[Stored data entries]
lemma shift_coeff_Suc_Suc:
  "shift_coeff (Suc n) M (Suc j) = shift_coeff n M (Suc j) + M * shift_coeff n (M - 1) j"
proof -
  have "Suc j * (M choose Suc j) = M * (M - 1 choose j)"
    by (cases M) (simp_all only: Suc_times_binomial, simp_all)
  then have "(M choose Suc j) * (n choose j) * fact (Suc j) = M * shift_coeff n (M - 1) j"
    unfolding shift_coeff_def fact_Suc by (metis mult.assoc mult.commute of_nat_id)
  then show ?thesis
    by (simp add: shift_coeff_def add_mult_distrib2 add_mult_distrib add.commute)
qed

lemma sum_shift_coeff_Suc:
  fixes X :: "nat \<Rightarrow> 'a::real_vector"
  shows "(\<Sum>j\<le>n. real (shift_coeff n M j) *\<^sub>R X j)
           + real M *\<^sub>R (\<Sum>j\<le>n. real (shift_coeff n (M - 1) j) *\<^sub>R X (Suc j))
         = (\<Sum>j\<le>Suc n. real (shift_coeff (Suc n) M j) *\<^sub>R X j)"
proof -
  have "(\<Sum>j\<le>n. real (shift_coeff n M j) *\<^sub>R X j)
      = X 0 + (\<Sum>j\<le>n. real (shift_coeff n M (Suc j)) *\<^sub>R X (Suc j))"
    using sum.atMost_Suc_shift[of "\<lambda>j. real (shift_coeff n M j) *\<^sub>R X j" n] by simp
  moreover have "(\<Sum>j\<le>Suc n. real (shift_coeff (Suc n) M j) *\<^sub>R X j)
      = X 0 + (\<Sum>j\<le>n. real (shift_coeff (Suc n) M (Suc j)) *\<^sub>R X (Suc j))"
    by (subst sum.atMost_Suc_shift) simp
  moreover have "(\<Sum>j\<le>n. real (shift_coeff (Suc n) M (Suc j)) *\<^sub>R X (Suc j))
      = (\<Sum>j\<le>n. real (shift_coeff n M (Suc j)) *\<^sub>R X (Suc j))
        + real M *\<^sub>R (\<Sum>j\<le>n. real (shift_coeff n (M - 1) j) *\<^sub>R X (Suc j))"
    by (simp add: shift_coeff_Suc_Suc scaleR_add_left sum.distrib scaleR_sum_right)
  ultimately show ?thesis by (simp add: add.assoc)
qed

lemma mpoch_add_mat_expansion:
  "mpoch (A + mat (of_nat n)) M = (\<Sum>j\<le>n. real (shift_coeff n M j) *\<^sub>R mpoch (A + mat (of_nat j)) (M - j))"
proof (induction n arbitrary: A M)
  case 0
  then show ?case by simp
next
  case (Suc n)
  define X where "X j = mpoch (A + mat (of_nat j)) (M - j)" for j
  have shift: "A + mat 1 + mat (of_nat j) = A + mat (of_nat (Suc j))" for j
    by (simp add: add.assoc mat_add)
  have e1: "A + mat (of_nat (Suc n)) = (A + mat (of_nat n)) + mat 1"
    by (simp add: mat_add add.assoc add.commute)
  have e2: "(A + mat (of_nat n)) + mat 1 = (A + mat 1) + mat (of_nat n)"
    by (simp add: add.assoc add.commute)
  have "mpoch (A + mat (of_nat (Suc n))) M
      = mpoch (A + mat (of_nat n)) M + real M *\<^sub>R mpoch ((A + mat 1) + mat (of_nat n)) (M - 1)"
    unfolding e1 using mpoch_add_one[of "A + mat (of_nat n)" M] by (simp only: e2)
  also have "\<dots> = (\<Sum>j\<le>n. real (shift_coeff n M j) *\<^sub>R X j)
      + real M *\<^sub>R (\<Sum>j\<le>n. real (shift_coeff n (M - 1) j) *\<^sub>R X (Suc j))"
    unfolding Suc.IH by (simp add: X_def shift)
  also have "\<dots> = (\<Sum>j\<le>Suc n. real (shift_coeff (Suc n) M j) *\<^sub>R X j)"
    by (rule sum_shift_coeff_Suc)
  finally show ?case by (simp add: X_def)
qed

lemma mpoch_diff_mat_expansion:
  "mpoch (A - mat (of_nat n)) M = (\<Sum>j\<le>n. ((-1) ^ j * real (shift_coeff n M j)) *\<^sub>R mpoch A (M - j))"
proof (induction n arbitrary: M)
  case 0
  then show ?case by simp
next
  case (Suc n)
  define X where "X j = (-1) ^ j *\<^sub>R mpoch A (M - j)" for j
  have e: "(A - mat (of_nat (Suc n))) + mat 1 = A - mat (of_nat n)"
    by (simp add: mat_add mat_diff algebra_simps)
  have "mpoch (A - mat (of_nat (Suc n))) M
      = mpoch (A - mat (of_nat n)) M - real M *\<^sub>R mpoch (A - mat (of_nat n)) (M - 1)"
    using mpoch_add_one[of "A - mat (of_nat (Suc n))" M, unfolded e] by (simp only: eq_diff_eq)
  also have "\<dots> = (\<Sum>j\<le>n. real (shift_coeff n M j) *\<^sub>R X j)
      + real M *\<^sub>R (\<Sum>j\<le>n. real (shift_coeff n (M - 1) j) *\<^sub>R X (Suc j))"
    unfolding Suc.IH X_def scaleR_sum_right scaleR_scaleR diff_Suc_eq_diff_pred[symmetric]
    by (simp add: sum_negf[symmetric] ac_simps)
  also have "\<dots> = (\<Sum>j\<le>Suc n. real (shift_coeff (Suc n) M j) *\<^sub>R X j)"
    by (rule sum_shift_coeff_Suc)
  finally show ?case
    unfolding X_def scaleR_scaleR by (simp only: mult.commute)
qed

lemma tuples_0: "tuples 0 n = {\<lambda>_. 0}"
  by (auto simp: tuples_def)

lemma tuples_Suc:
  "tuples (Suc k) n = (\<lambda>(nu, t). nu(k := t)) ` (SIGMA nu:tuples k n. {..n - (\<Sum>i<k. nu i)})"
proof (intro equalityI subsetI)
  fix mu assume mu: "mu \<in> tuples (Suc k) n"
  have sum_eq: "(\<Sum>i<k. (mu(k := 0)) i) = (\<Sum>i<k. mu i)" by (rule sum.cong) auto
  have "mu(k := 0) \<in> tuples k n" and "mu k \<le> n - (\<Sum>i<k. mu i)"
    using mu sum_eq by (auto simp: tuples_def)
  then show "mu \<in> (\<lambda>(nu, t). nu(k := t)) ` (SIGMA nu:tuples k n. {..n - (\<Sum>i<k. nu i)})"
    by (intro image_eqI[where x="(mu(k := 0), mu k)"]) (auto simp: sum_eq)
next
  fix mu assume "mu \<in> (\<lambda>(nu, t). nu(k := t)) ` (SIGMA nu:tuples k n. {..n - (\<Sum>i<k. nu i)})"
  then obtain nu t where nu: "nu \<in> tuples k n" and t: "t \<le> n - (\<Sum>i<k. nu i)"
    and mu: "mu = nu(k := t)"
    by auto
  have "(\<Sum>i<k. mu i) = (\<Sum>i<k. nu i)" unfolding mu by (rule sum.cong) auto
  with nu t show "mu \<in> tuples (Suc k) n" by (auto simp: tuples_def mu)
qed

lemma inj_on_tuples_Suc:
  "inj_on (\<lambda>(nu, t). nu(k := t)) (SIGMA nu:tuples k n. {..n - (\<Sum>i<k. nu i)})"
proof (rule inj_onI, clarify)
  fix nu t nu' t'
  assume "nu \<in> tuples k n" "nu' \<in> tuples k n" and eq: "nu(k := t) = nu'(k := t')"
  then have "nu i = nu' i" for i
    by (cases "i = k") (auto simp: tuples_def dest: fun_cong[where x=i])
  moreover have "t = t'" using eq by (metis fun_upd_same)
  ultimately show "nu = nu' \<and> t = t'" by auto
qed

lemma finite_tuples: "finite (tuples k n)"
  by (induction k) (auto simp: tuples_0 tuples_Suc)

lemma sum_tuples_Suc:
  "(\<Sum>mu\<in>tuples (Suc k) n. f mu) = (\<Sum>nu\<in>tuples k n. \<Sum>t\<le>n - (\<Sum>i<k. nu i). f (nu(k := t)))"
  unfolding tuples_Suc sum.reindex[OF inj_on_tuples_Suc]
  by (simp add: sum.Sigma finite_tuples case_prod_beta)

lemma sum_atMost_triangle:
  "(\<Sum>j\<le>(n::nat). \<Sum>t\<le>n - j. g j t) = (\<Sum>s\<le>n. \<Sum>i\<le>s. g i (s - i))"
proof -
  have "(SIGMA i:{..n}. {..n - i}) = {(i, t). i + t \<le> n}" by auto
  then show ?thesis
    by (simp add: sum.Sigma sum.triangle_reindex_eq)
qed
(* Let $(X_t)_{t\ge1}$ be i.i.d. real random variables on $(\Omega,\mathcal{F},\mathbb{P})$ with mean $\mu$, whose cumulant-generating function $\phi(\lambda)=\log\mathbb{E}[\exp(\lambda X_1)]$ is finite on an open interval $]\lambda_1,\lambda_2[$ containing $0$. Define for $x\in\mathbb{R}$ \[d(x,\mu)=\sup_{\lambda\in]\lambda_1,\lambda_2[}\{\lambda x-\phi(\lambda)\}.\] Let $(\mathcal{F}_t)_{t\ge0}$ be an increasing sequence of sub-$\sigma$-fields with $\sigma(X_1,\dots,X_t)\subset\mathcal{F}_t$ and $X_s$ independent of $\mathcal{F}_t$ for $s>t$, and let $(\epsilon_t)_{t\ge1}$ be $\{0,1\}$-valued with $\epsilon_t$ $\mathcal{F}_{t-1}$-measurable. For an integer $n\ge2$ let $S(n)=\sum_{s=1}^n\epsilon_sX_s$, $N(n)=\sum_{s=1}^n\epsilon_s$, $\hat\mu(n)=S(n)/N(n)$. Then for every $\delta>0$, \[\mathbb{P}\big(N(n)\ge1,\ \hat\mu(n)<\mu,\ N(n)\,d(\hat\mu(n),\mu)>\delta\big)\le e\lceil\delta\log(n)\rceil\exp(-\delta).\] *)

theory Defs
  imports "HOL-Probability.Probability"
begin

definition cgf :: "'a measure \<Rightarrow> ('a \<Rightarrow> real) \<Rightarrow> real \<Rightarrow> real" where
  "cgf M Y l = ln (integral\<^sup>L M (\<lambda>\<omega>. exp (l * Y \<omega>)))"

definition cramer_d :: "'a measure \<Rightarrow> ('a \<Rightarrow> real) \<Rightarrow> real \<Rightarrow> real \<Rightarrow> real \<Rightarrow> ereal" where
  "cramer_d M Y l1 l2 x = (SUP l\<in>{l1<..<l2}. ereal (l * x - cgf M Y l))"

end

theory Submission imports Defs begin
(* Let $X_1,X_2,\dots$ be i.i.d. Bernoulli random variables with $\Pr\{X_i=1\}=1-\Pr\{X_i=0\}=p\in(0,1)$, let $\gamma$ be a positive integer, and let $\mathbf n$ be the random integer satisfying $\sum_{i=1}^{\mathbf n-1}X_i<\gamma=\sum_{i=1}^{\mathbf n}X_i$ (the number of trials needed to obtain $\gamma$ successes). For $z,p\in(0,1)$ let $\mathscr{M}(z,p)=z\ln\frac pz+(1-z)\ln\frac{1-p}{1-z}$ and $$\Delta=\min\left\{\frac12,\ \frac{C_{\mathrm{BE}}[z^2+(1-z)^2]}{\sqrt{\gamma(1-z)}}\right\}.$$ Then $$\Pr\Big\{\frac{\gamma}{\mathbf n}\le z\Big\}\le\Big(\frac12+\Delta\Big)\exp\Big(\frac\gamma z\mathscr{M}(z,p)\Big)\quad\text{for } z\in(0,p)\text{ such that }\tfrac\gamma z\text{ is an integer},$$ $$\Pr\Big\{\frac{\gamma}{\mathbf n}\ge z\Big\}\le\Big(\frac12+\Delta\Big)\exp\Big(\frac\gamma z\mathscr{M}(z,p)\Big)\quad\text{for } z\in(p,1)\text{ such that }\tfrac\gamma z\text{ is an integer}.$$
   Context: $C_{\mathrm{BE}}$ denotes the absolute constant in the Berry–Esseen inequality: for i.i.d. $Y_1,Y_2,\dots$ distributed as $Y$ with $\mathbb{E}[Y]=0$, $\mathbb{E}[Y^2]>0$, $\mathbb{E}[|Y|^3]<\infty$, the cdf $F_n$ of $\sum_{i=1}^nY_i/\sqrt{n\mathbb{E}[Y^2]}$ satisfies $|F_n(y)-\Phi(y)|\le\frac{C_{\mathrm{BE}}}{\sqrt n}\frac{\mathbb{E}[|Y|^3]}{\mathbb{E}^{3/2}[Y^2]}$ for all $y,n$, where $\Phi$ is the standard normal cdf. *)

theory Defs
  imports "HOL-Probability.Probability"
begin

definition std_normal_cdf :: "real \<Rightarrow> real" where
  "std_normal_cdf y = measure (density lborel std_normal_density) {..y}"
lemma schwarzian_form_rat_fun_eq_Q_value:
  fixes g t :: "complex \<Rightarrow> complex"
  assumes t: "nonconst_meromorphic_H t" and g: "g meromorphic_on upper_half"
    and QG: "is_Q_value g qa qb" and QG': "is_Q_value t qa' qb'" and q: "q \<noteq> 0"
    and rel: "\<forall>\<tau>\<in>upper_half. g analytic_on {\<tau>} \<and> t analytic_on {\<tau>} \<and> poly q (t \<tau>) \<noteq> 0
               \<longrightarrow> g \<tau> = rat_fun p q (t \<tau>)"
    and z: "poly q z \<noteq> 0" "deriv (rat_fun p q) z \<noteq> 0" "poly qb (rat_fun p q z) \<noteq> 0" "poly qb' z \<noteq> 0"
  shows "schwarzian_form (rat_fun qa qb) (rat_fun p q) z = rat_fun qa' qb' z"
proof -
  define S where "S = {y. poly q y \<noteq> 0 \<and> deriv (rat_fun p q) y \<noteq> 0
    \<and> poly qb (rat_fun p q y) \<noteq> 0 \<and> poly qb' y \<noteq> 0}"
  have "qb \<noteq> 0" "qb' \<noteq> 0" using QG QG' by (simp_all add: is_Q_value_def)
  then have "finite ({y. poly q y = 0 \<or> deriv (rat_fun p q) y = 0 \<or> poly qb (rat_fun p q y) = 0}
      \<union> {y. poly qb' y = 0})"
    using finite_rat_fun_degenerate_points[OF q _ z(1,2)] poly_roots_finite by blast
  moreover have "- S \<subseteq> {y. poly q y = 0 \<or> deriv (rat_fun p q) y = 0 \<or> poly qb (rat_fun p q y) = 0}
      \<union> {y. poly qb' y = 0}" by (auto simp: S_def)
  ultimately have cofinite: "finite (- S)" by (rule finite_subset[rotated])
  note S = open_connected_cofinite[OF cofinite]
  obtain G where G: "open G" "G \<noteq> {}" "G \<subseteq> upper_half"
    "\<forall>x\<in>G. t analytic_on {x} \<and> g analytic_on {x} \<and> deriv t x \<noteq> 0"
    using exists_open_subset_analytic_deriv_nonzero[OF t g] by blast
  have tG: "t holomorphic_on G"
    by (rule analytic_imp_holomorphic, subst analytic_on_analytic_at) (use G(4) in blast)
  have "open (t ` G)" using open_image_deriv_nonzero[OF tG G(1) G(1) order_refl] G(4) by blast
  define W where "W = t ` G \<inter> S"
  have W: "open W" "W \<subseteq> S" using \<open>open (t ` G)\<close> S(1) by (auto simp: W_def)
  have "W \<noteq> {}"
  proof
    assume "W = {}"
    then have "t ` G \<subseteq> - S" by (auto simp: W_def)
    then have "finite (t ` G)" using cofinite by (rule finite_subset)
    then show False using finite_imp_not_open \<open>open (t ` G)\<close> G(2) by blast
  qed
  moreover have "schwarzian_form (rat_fun qa qb) (rat_fun p q) w = rat_fun qa' qb' w" if "w \<in> W" for w
    using that schwarzian_form_rat_fun_eq_Q_value_at[OF QG QG' G(1,3,4) rel] by (auto simp: W_def S_def)
  moreover have "schwarzian_form (rat_fun qa qb) (rat_fun p q) holomorphic_on S"
    by (rule schwarzian_form_holomorphic[OF S(1) holomorphic_on_subset[OF rat_fun_holomorphic]])
      (auto simp: S_def)
  moreover have "rat_fun qa' qb' holomorphic_on S"
    by (rule holomorphic_on_subset[OF rat_fun_holomorphic]) (auto simp: S_def)
  moreover have "z \<in> S" using z by (simp add: S_def)
  ultimately show ?thesis using analytic_continuation_open[OF W(1) S(1) _ S(2) W(2)] by blast
qed
(* Let $n \ge 2$, $d \in \{1,\dots,n-1\}$, let $\triangle$ be a regular $n$-simplex in $\mathbb{R}^n$, and let $L = (n-d)(-\triangle)$. Then for every $(n-d)$-dimensional linear subspace $\xi$ of $\mathbb{R}^n$, $L_\xi$ contains a translate of $\triangle_\xi$; but for every $c$ with $0 < c < \tfrac{n}{n-d}$, the set $cL$ contains no translate of $\triangle$. (In particular, the constants $\tfrac{n}{n-1}$ in Theorem 5.1 and $\tfrac{n}{n-d}$ in Theorem 6.1 cannot be replaced by smaller constants.)
   Context: For a set $S\subseteq\mathbb{R}^n$ and a linear subspace $\xi$, $S_\xi$ denotes the orthogonal projection of $S$ onto $\xi$. "$A$ contains a translate of $B$" means $B + w \subseteq A$ for some vector $w$. For $c \in \mathbb{R}$, $cS = \{cx : x \in S\}$. *)

theory Defs
  imports "HOL-Analysis.Analysis"
begin

definition orth_proj :: "'a::euclidean_space set \<Rightarrow> 'a \<Rightarrow> 'a" where
  "orth_proj \<xi> x = (THE p. p \<in> \<xi> \<and> (\<forall>y\<in>\<xi>. (x - p) \<bullet> y = 0))"

definition regular_simplex :: "'a::euclidean_space set \<Rightarrow> bool" where
  "regular_simplex S \<longleftrightarrow>
     (\<exists>V r. finite V \<and> card V = DIM('a) + 1 \<and> r > 0 \<and>
        (\<forall>u\<in>V. \<forall>v\<in>V. u \<noteq> v \<longrightarrow> dist u v = r) \<and> S = convex hull V)"

end

theory Submission
  imports Defs
begin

● WHAT IS NEEDED
Lines from the start of the records through the one containing "unfolding shift_coeff_def fact_Suc" are what should be retyped, exactly and in full, both ends included.

● REPLY TO THE EXERCISE
lemma shift_coeff_Suc_Suc:
  "shift_coeff (Suc n) M (Suc j) = shift_coeff n M (Suc j) + M * shift_coeff n (M - 1) j"
proof -
  have "Suc j * (M choose Suc j) = M * (M - 1 choose j)"
    by (cases M) (simp_all only: Suc_times_binomial, simp_all)
  then have "(M choose Suc j) * (n choose j) * fact (Suc j) = M * shift_coeff n (M - 1) j"
    unfolding shift_coeff_def fact_Suc by (metis mult.assoc mult.commute of_nat_id)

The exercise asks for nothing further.